I’m not sure that I trust his analysis completely.  Besides the absolutism that Condescends-Other-Cultures prescribes for orality and textuality, his theory here is presumptive in the melodramatic “agony” of oral folk of which he is not a part, not to mention fatalistic in their assimilation due to inability to survive otherwise.  Another reason Ong’s theories are problematic is that they tend to overlook what happens in between Plato’s 4th century B.C.E. and today.

On the other hand, a more grounded look into the various nuances of textuality’s evolutions can be found in the work of Dennis Barron, who says that “the computer is simply the latest step in a long line of writing technologies” (“Literacy and Access” 118).  Barron takes us through an evolution of tools from the pencil to the telephone to the computer, and even provides a study of their original utilities, which apparently were not meant to be as writing utensils.  Just like previous technologies, he suggests, the computer was originally intended for more mathematical computations, and not necessarily invented to be conducive of reading/writing/literacy.

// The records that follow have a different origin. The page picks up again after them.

text \<open>The argument of \<open>Q\<close> when the first user has blocklength \<open>t n\<close> and power \<open>x/t\<close>; \<open>R\<close> and
  \<open>S\<close> are the other users' contributions to the rate and dispersion sums, and \<open>\<beta> = B ln 2\<close>.\<close>

definition scaled_arg :: "real \<Rightarrow> real \<Rightarrow> real \<Rightarrow> real \<Rightarrow> real \<Rightarrow> real \<Rightarrow> real" where
  "scaled_arg n x \<beta> R S t =
     (t * n * ln (1 + x / t) + R - \<beta>) / sqrt (n * x * t * (x + 2 * t) / (x + t)\<^sup>2 + S)"

lemma scaled_arg_mono_on:
  fixes n x \<beta> R S :: real and I :: "real set"
  assumes n: "0 < n" and x: "0 < x" and \<beta>: "0 \<le> \<beta>" and S: "0 \<le> S"
    and I: "is_interval I" "I \<subseteq> {0<..}"
    and rate: "\<And>t. t \<in> I \<Longrightarrow> \<beta> < t * n * ln (1 + x / t)"
    and small: "\<And>t. t \<in> I \<Longrightarrow> scaled_arg n x \<beta> R S t < sqrt (2 * \<beta>) / 3"
  shows "mono_on I (scaled_arg n x \<beta> R S)"
proof (rule mono_onI)
  fix a b assume ab: "a \<in> I" "b \<in> I" "a \<le> b"
  show "scaled_arg n x \<beta> R S a \<le> scaled_arg n x \<beta> R S b"
  proof (rule DERIV_nonneg_imp_nondecreasing[OF \<open>a \<le> b\<close>])
    fix t assume "a \<le> t" "t \<le> b"
    then have "t \<in> I" using I(1) ab unfolding is_interval_1 by blast
    then have t: "0 < t" using I(2) by auto
    define H where "H = t * n * ln (1 + x / t)"
    define G where "G = n * x * t * (x + 2 * t) / (x + t)\<^sup>2"
    define H' where "H' = n * (ln (1 + x / t) - x / (t + x))"
    define G' where "G' = n * x\<^sup>2 * (x + 3 * t) / (x + t) ^ 3"
    define c where "c = sqrt (2 * \<beta>) / 3"
    have G: "0 < G" unfolding G_def using n x t by simp
    have G': "0 \<le> G'" unfolding G'_def using n x t by simp
    have "0 \<le> (x / (x + t))\<^sup>2 / 2" by simp
    then have "x / (x + t) \<le> ln (1 + x / t)" using ln_one_plus_div_ge[OF x t] by linarith
    then have H': "0 \<le> H'" unfolding H'_def using n by (simp add: add.commute)
    have "(c * G')\<^sup>2 = 2 * \<beta> / 9 * G'\<^sup>2"
      using \<beta> by (simp add: c_def power_mult_distrib power_divide)
    also have "\<dots> \<le> 2 * H / 9 * G'\<^sup>2"
      using rate[OF \<open>t \<in> I\<close>] by (intro mult_right_mono) (auto simp: H_def)
    also have "\<dots> \<le> 4 * H'\<^sup>2 * G"
      using scaled_rate_dispersion_ineq[OF n x t] by (simp add: H_def H'_def G_def G'_def)
    finally have ineq: "(c * G')\<^sup>2 \<le> 4 * H'\<^sup>2 * G" .
    have "(H + R - \<beta>) / sqrt (G + S) < c"
      using small[OF \<open>t \<in> I\<close>] by (simp add: scaled_arg_def H_def G_def c_def)
    then have "H + R - \<beta> \<le> c * sqrt (G + S)"
      using G S by (simp add: pos_divide_less_eq)
    with G S H' G' ineq
    have "0 \<le> H' * sqrt (G + S) - (H + R - \<beta>) * G' / (2 * sqrt (G + S))"
      by (intro sqrt_quotient_derivative_nonneg[of G "G + S" H' G' "H + R - \<beta>" c]) auto
    moreover have "(scaled_arg n x \<beta> R S has_real_derivative
        (H' * sqrt (G + S) - (H + R - \<beta>) * (inverse (sqrt (G + S)) / 2 * G'))
          / (sqrt (G + S) * sqrt (G + S))) (at t)"
    proof -
      have N: "((\<lambda>t. t * n * ln (1 + x / t) + R - \<beta>) has_real_derivative H') (at t)"
        using DERIV_diff[OF DERIV_add[OF has_real_derivative_scaled_rate[OF x t] DERIV_const] DERIV_const]
        by (simp add: H'_def)
      have "((\<lambda>t. n * x * t * (x + 2 * t) / (x + t)\<^sup>2 + S) has_real_derivative G') (at t)"
        using DERIV_add[OF has_real_derivative_scaled_dispersion[OF x t] DERIV_const]
        by (simp add: G'_def)
      from DERIV_chain2[OF DERIV_real_sqrt this]
      have "((\<lambda>t. sqrt (n * x * t * (x + 2 * t) / (x + t)\<^sup>2 + S)) has_real_derivative
          inverse (sqrt (G + S)) / 2 * G') (at t)"
        using G S by (simp add: G_def)
      from DERIV_divide[OF N this] show ?thesis
        using G S by (simp add: scaled_arg_def[abs_def] H_def G_def)
    qed
    ultimately show "\<exists>y. (scaled_arg n x \<beta> R S has_real_derivative y) (at t) \<and> 0 \<le> y"
      by (force simp: field_simps)
  qed
qed


definition eps_arg :: "real \<Rightarrow> nat \<Rightarrow> (nat \<Rightarrow> real) \<Rightarrow> (nat \<Rightarrow> real) \<Rightarrow> real" where
  "eps_arg B m n P = ((\<Sum>i=1..m. n i * ln (1 + P i)) - B * ln 2)
     / sqrt (\<Sum>i=1..m. n i * P i * (P i + 2) / (P i + 1)\<^sup>2)"

lemma eps_eq_Qfun_eps_arg: "eps B m n P = Qfun (eps_arg B m n P)"
  by (simp add: eps_def eps_arg_def)

lemma inB_imp_eps_arg_bounds:
  assumes "inB B M n P"
  shows "0 < eps_arg B 1 n P" "eps_arg B 1 n P < eps_arg B M n P"
    "eps_arg B M n P < sqrt (2 * B * ln 2) / 3"
proof -
  have "Qfun (eps_arg B 1 n P) < Qfun 0" "Qfun (eps_arg B M n P) < Qfun (eps_arg B 1 n P)"
    "Qfun (sqrt (2 * B * ln 2) / 3) < Qfun (eps_arg B M n P)"
    using assms Qfun_zero_ge_half unfolding inB_def eps_eq_Qfun_eps_arg by auto
  then show "0 < eps_arg B 1 n P" "eps_arg B 1 n P < eps_arg B M n P"
    "eps_arg B M n P < sqrt (2 * B * ln 2) / 3"
    by (blast dest: Qfun_less_imp_greater)+
qed

lemma eps_arg_scale_first_user:
  fixes B t :: real and m :: nat and n P :: "nat \<Rightarrow> real"
  assumes m: "1 \<le> m" and t: "0 < t" and P: "0 < P 1"
  shows "eps_arg B m (n(1 := t * n 1)) (P(1 := P 1 / t)) =
    scaled_arg (n 1) (P 1) (B * ln 2) (\<Sum>i=2..m. n i * ln (1 + P i))
      (\<Sum>i=2..m. n i * P i * (P i + 2) / (P i + 1)\<^sup>2) t"
proof -
  have "t * n 1 * (P 1 / t) * (P 1 / t + 2) / (P 1 / t + 1)\<^sup>2
      = n 1 * P 1 * t * (P 1 + 2 * t) / (P 1 + t)\<^sup>2"
  proof -
    have "P 1 / t + 2 = (P 1 + 2 * t) / t" "P 1 / t + 1 = (P 1 + t) / t"
      using t by (simp_all add: field_simps)
    moreover have "P 1 + t \<noteq> 0" using t P by simp
    ultimately show ?thesis
      using t by (simp add: power_divide field_simps) (simp add: power2_eq_square algebra_simps)
  qed
  then show ?thesis
    using m unfolding eps_arg_def scaled_arg_def
    by (simp add: sum.atLeast_Suc_atMost numeral_2_eq_2 add.commute add.left_commute)
qed

lemma scaled_arg_pos_imp_rate_gt:
  fixes n x \<beta> t :: real
  assumes "0 < n" "0 < x" "0 < t" and "0 < scaled_arg n x \<beta> 0 0 t"
  shows "\<beta> < t * n * ln (1 + x / t)"
proof -
  have "0 < sqrt (n * x * t * (x + 2 * t) / (x + t)\<^sup>2)" using assms by simp
  with assms(4) show ?thesis
    unfolding scaled_arg_def by (metis add_0_right diff_gt_0_iff_gt zero_less_divide_iff not_less_iff_gr_or_eq)
qed

theorem lemma3:
  fixes B :: real and M :: nat and n P :: "nat \<Rightarrow> real" and I :: "real set"
  assumes "B > 0" and "M \<ge> 2"
    and "\<forall>i\<in>{1..M}. n i > 0 \<and> P i > 0"
    and "is_interval I" and "I \<subseteq> {0<..}"
    and "\<forall>a\<in>I. inB B M (n(1 := a * n 1)) (P(1 := P 1 / a))"
  shows "(\<forall>a\<in>I. \<forall>b\<in>I. a \<le> b \<longrightarrow>
           eps B 1 (n(1 := b * n 1)) (P(1 := P 1 / b)) \<le> eps B 1 (n(1 := a * n 1)) (P(1 := P 1 / a))) \<and>
         (\<forall>a\<in>I. \<forall>b\<in>I. a \<le> b \<longrightarrow>
           eps B M (n(1 := b * n 1)) (P(1 := P 1 / b)) \<le> eps B M (n(1 := a * n 1)) (P(1 := P 1 / a)))"
proof -
  note pos = assms(3) and I = assms(4,5)
  have n: "0 < n 1" and x: "0 < P 1" and M: "1 \<le> M" using pos assms(2) by auto
  define \<beta> where "\<beta> = B * ln 2"
  define R where "R m = (\<Sum>i=2..m. n i * ln (1 + P i))" for m
  define S where "S m = (\<Sum>i=2..m. n i * P i * (P i + 2) / (P i + 1)\<^sup>2)" for m
  let ?arg = "\<lambda>m. scaled_arg (n 1) (P 1) \<beta> (R m) (S m)"
  have arg: "eps_arg B m (n(1 := t * n 1)) (P(1 := P 1 / t)) = ?arg m t" if "1 \<le> m" "t \<in> I" for m t
    using eps_arg_scale_first_user[of m t P B n] that I x by (auto simp: \<beta>_def R_def S_def)
  have bounds: "0 < ?arg 1 t" "?arg 1 t < ?arg M t" "?arg M t < sqrt (2 * \<beta>) / 3" if "t \<in> I" for t
    using inB_imp_eps_arg_bounds[OF assms(6)[rule_format, OF that]] arg[OF _ that] M
    by (simp_all add: \<beta>_def mult.assoc)
  have mono: "mono_on I (?arg m)" if "m \<in> {1, M}" for m
  proof (rule scaled_arg_mono_on[OF n x _ _ I])
    show "0 \<le> \<beta>" using assms(1) by (simp add: \<beta>_def)
    show "0 \<le> S m"
      unfolding S_def using that pos by (intro sum_nonneg) (simp add: less_imp_le)
    show "\<beta> < t * n 1 * ln (1 + P 1 / t)" "?arg m t < sqrt (2 * \<beta>) / 3" if "t \<in> I" for t
      using bounds[OF that] \<open>m \<in> {1, M}\<close> I that n x scaled_arg_pos_imp_rate_gt[of "n 1" "P 1" t \<beta>]
      by (auto simp: R_def S_def)
  qed
  show ?thesis
  proof (intro conjI ballI impI)
    fix a b assume ab: "a \<in> I" "b \<in> I" "a \<le> b"
    have "?arg m a \<le> ?arg m b" if "m \<in> {1, M}" for m
      using mono_onD[OF mono[OF that] ab] .
    then show "eps B 1 (n(1 := b * n 1)) (P(1 := P 1 / b)) \<le> eps B 1 (n(1 := a * n 1)) (P(1 := P 1 / a))"
      and "eps B M (n(1 := b * n 1)) (P(1 := P 1 / b)) \<le> eps B M (n(1 := a * n 1)) (P(1 := P 1 / a))"
      unfolding eps_eq_Qfun_eps_arg arg[OF order_refl ab(1)] arg[OF order_refl ab(2)]
        arg[OF M ab(1)] arg[OF M ab(2)]
      by (simp_all add: Qfun_antimono)
  qed
qed

end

The biggest difference seems to be that using computers for literacy activities is more multimodal in terms of the number of skills that we have to use.  Reading a book, writing with a pencil, or speaking on the telephone are relatively more simple tasks and modalities compared to learning how to navigate course management systems such as Moodle or blogging on WordPress.  To jump on Barron’s idea, this is “the flexibility of digitised text” (117).  If the pencil and telephone are modern inventions, the computer and interwebs are postmodern inventions.  The difficulty we have with teaching writing in a digital age, then, is that we’re not just learning how to hold a new tool with our fingers to write cursive or speak clearly into the correct end of the tool, but we are learning to be aware of available navigation from link to link in doing our research, or the many Microsoft Word icons and features that do various tasks, and must constantly, because of their rapid creation, not only learn our way around new software and digital applications, but also (re)learn updated versions of existing ones dot dot dot.